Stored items

lemma beta_less_alpha_t_iff:
  assumes "t \<le> n" "j \<in> {1..m}"
  shows "\<beta> j < \<alpha> t \<longleftrightarrow> j \<le> r"
proof
  assume "\<beta> j < \<alpha> t"
  show "j \<le> r"
  proof (rule ccontr)
    assume "\<not> j \<le> r"
    then have "\<alpha> t < \<beta> (r + 1)"
      using assms two_le_t t_le_s_Suc alpha_less_beta_iff[of t "r + 1"] by auto
    also have "\<dots> \<le> \<beta> j"
      using \<open>\<not> j \<le> r\<close> assms(2) by (intro mono_onD[OF beta_mono]) auto
    finally show False
      using \<open>\<beta> j < \<alpha> t\<close> by simp
  qed
next
  assume "j \<le> r"
  then have "\<beta> j \<le> \<beta> r"
    using assms(2) r_le_m by (intro mono_onD[OF beta_mono]) auto
  also have "\<beta> r \<le> \<alpha> t"
    using assms \<open>j \<le> r\<close> two_le_t l_pos r_le_m alpha_less_beta_iff[of t r] by auto
  finally show "\<beta> j < \<alpha> t"
    using alpha_neq_beta[of t j] assms two_le_t by force
qed

lemma card_beta_less_alpha_t: "t \<le> n \<Longrightarrow> card {j\<in>{1..m}. \<beta> j < \<alpha> t} = r"
proof -
  assume "t \<le> n"
  then have "{j\<in>{1..m}. \<beta> j < \<alpha> t} = {1..r}"
    using beta_less_alpha_t_iff r_le_m by auto
  then show ?thesis
    by simp
qed

text \<open>The shift is the coefficient of prod y^d / prod x^d: coeff (Inl 1) = shift as \<alpha> 1 = 0.\<close>

definition shift :: real where
  "shift = (if t \<le> n then 1 - \<alpha> t else 0)"

definition coeff :: "nat + nat \<Rightarrow> real" where
  "coeff k = (case k of
      Inl i \<Rightarrow> \<alpha> i - of_bool (t \<le> i) + shift
    | Inr j \<Rightarrow> 1 - \<beta> j + of_bool (r < j) - shift)"

definition facet_normal :: "nat + nat \<Rightarrow> real" where
  "facet_normal x = (case x of Inl i \<Rightarrow> 1 - (real n - real m) * of_bool (i = t) | Inr j \<Rightarrow> 1)"

lemma shift_range: "0 \<le> shift" "shift \<le> 1"
  using alpha_range[of t] two_le_t by (auto simp: shift_def)

lemma coeff_nonneg:
  assumes "k \<in> {1..n} <+> {1..m}"
  shows "0 \<le> coeff k"
proof (cases k)
  case (Inl i)
  with assms have i: "i \<in> {1..n}"
    by auto
  show ?thesis
  proof (cases "t \<le> i")
    case True
    with i have "\<alpha> t \<le> \<alpha> i"
      using two_le_t by (intro mono_onD[OF alpha_mono]) auto
    with True i Inl show ?thesis
      by (auto simp: coeff_def shift_def)
  next
    case False
    with Inl show ?thesis
      using alpha_range[OF i] shift_range by (auto simp: coeff_def)
  qed
next
  case (Inr j)
  with assms have j: "j \<in> {1..m}"
    by auto
  consider "r < j" | "j \<le> r" "t \<le> n" | "n < t"
    by linarith
  then show ?thesis
  proof cases
    case 1
    then show ?thesis
      using Inr beta_range[OF j] shift_range by (simp add: coeff_def)
  next
    case 2
    then show ?thesis
      using Inr beta_less_alpha_t_iff[OF 2(2) j] by (simp add: coeff_def shift_def)
  next
    case 3
    then show ?thesis
      using Inr beta_range[OF j] by (simp add: coeff_def shift_def)
  qed
qed

lemma g_exp_eq_sum_vertex:
  "g_exp n m \<alpha> \<beta> d r l = (\<lambda>x. \<Sum>k\<in>{1..n} <+> {1..m}. coeff k * vertex n m d k x)"
proof
  fix x
  show "g_exp n m \<alpha> \<beta> d r l x = (\<Sum>k\<in>{1..n} <+> {1..m}. coeff k * vertex n m d k x)"
  proof (cases x)
    case (Inl i)
    then show ?thesis
      unfolding Inl sum_vertex_Inl using two_le_t alpha_1
      by (auto simp: g_exp_def coeff_def algebra_simps)
  next
    case (Inr j)
    then show ?thesis
      unfolding Inr sum_vertex_Inr[OF n_pos] using alpha_1 two_le_t
      by (auto simp: g_exp_def coeff_def algebra_simps)
  qed
qed

lemma facet_normal_Inl_sum:
  "(\<Sum>i=2..n. facet_normal (Inl i)) = real n - 1 - (real n - real m) * of_bool (t \<le> n)"
  using two_le_t n_pos
  by (simp add: facet_normal_def sum_subtractf sum_distrib_left[symmetric] of_bool_def)

lemma facet_normal_le:
  assumes "v \<in> Newton_vertices n m d"
  shows "(\<Sum>x\<in>{2..n} <+> {1..m}. facet_normal x * v x) \<le> real d"
proof -
  from assms consider "v = (\<lambda>_. 0)" | i where "i \<in> {2..n}" "v = mono_x d i"
    | j where "j \<in> {1..m}" "v = mono_y d j" | "v = mono_last n m d"
    unfolding Newton_vertices_def by blast
  then show ?thesis
  proof cases
    case 2
    then show ?thesis
      unfolding 2(2) coord_sum_mono_x using mult_right_mono[of "real m" "real n" "real d"] m_le_n
      by (simp add: facet_normal_def algebra_simps)
  next
    case 3
    then show ?thesis
      unfolding 3(2) coord_sum_mono_y by (simp add: facet_normal_def)
  next
    case 4
    then show ?thesis
      unfolding 4 coord_sum_mono_last facet_normal_Inl_sum
      using mult_left_mono[of "real m" "real n" "real d"] m_le_n
      by (simp add: facet_normal_def algebra_simps)
  qed simp
qed

lemma facet_normal_slack:
  assumes "k \<in> {1..n} <+> {1..m}"
  shows "coeff k = 0 \<or> (\<Sum>x\<in>{2..n} <+> {1..m}. facet_normal x * vertex n m d k x) = real d"
proof (cases k)
  case (Inl i)
  show ?thesis
  proof (cases "i = 1")
    case True
    have "t \<le> n \<or> t = n + 1"
      using t_le_Suc_n by linarith
    then show ?thesis
      unfolding Inl True vertex_Inl_1 coord_sum_mono_last facet_normal_Inl_sum
      using alpha_1 two_le_t by (auto simp: coeff_def shift_def facet_normal_def algebra_simps)
  next
    case False
    with Inl assms show ?thesis
      unfolding Inl vertex_Inl[OF False] coord_sum_mono_x
      by (auto simp: coeff_def shift_def facet_normal_def)
  qed
next
  case (Inr j)
  with assms show ?thesis
    unfolding Inr vertex_Inr coord_sum_mono_y by (auto simp: facet_normal_def)
qed

lemma weight_eq_sum_coeff:
  assumes "0 < d"
  shows "weight n m \<alpha> \<beta> d r l = sum coeff ({1..n} <+> {1..m})"
  unfolding weight_def Newton_Delta_conv_hull_pts g_exp_eq_sum_vertex
proof (rule Inf_scaled_conv_hull_pts[where B = "real d" and X = "{2..n} <+> {1..m}" and \<phi> = facet_normal])
  show "finite (Newton_vertices n m d)" "(\<lambda>_. 0) \<in> Newton_vertices n m d"
    by (simp_all add: Newton_vertices_def)
  show "\<forall>k\<in>{1..n} <+> {1..m}. 0 \<le> coeff k"
    using coeff_nonneg by blast
  show "\<forall>v\<in>Newton_vertices n m d. (\<Sum>x\<in>{2..n} <+> {1..m}. facet_normal x * v x) \<le> real d"
    using facet_normal_le by blast
  show "\<forall>k\<in>{1..n} <+> {1..m}.
      coeff k = 0 \<or> (\<Sum>x\<in>{2..n} <+> {1..m}. facet_normal x * vertex n m d k x) = real d"
    using facet_normal_slack by blast
qed (use assms vertex_in_Newton_vertices in auto)

lemma sum_coeff:
  "sum coeff ({1..n} <+> {1..m}) = (\<Sum>i=1..n. \<alpha> i) - (\<Sum>j=1..m. \<beta> j)
    - real (n + 1 - t) + real (m - r) + real m + (real n - real m) * shift"
proof -
  have "{1..n} \<inter> {i. t \<le> i} = {t..n}" "{1..m} \<inter> {j. r < j} = {r + 1..m}"
    using two_le_t by auto
  then show ?thesis
    by (simp add: sum.Plus coeff_def sum.distrib sum_subtractf algebra_simps)
qed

Task requirements >> Indicate how many lines in the records above contain the word "False", giving only the number.

Answer area >> 4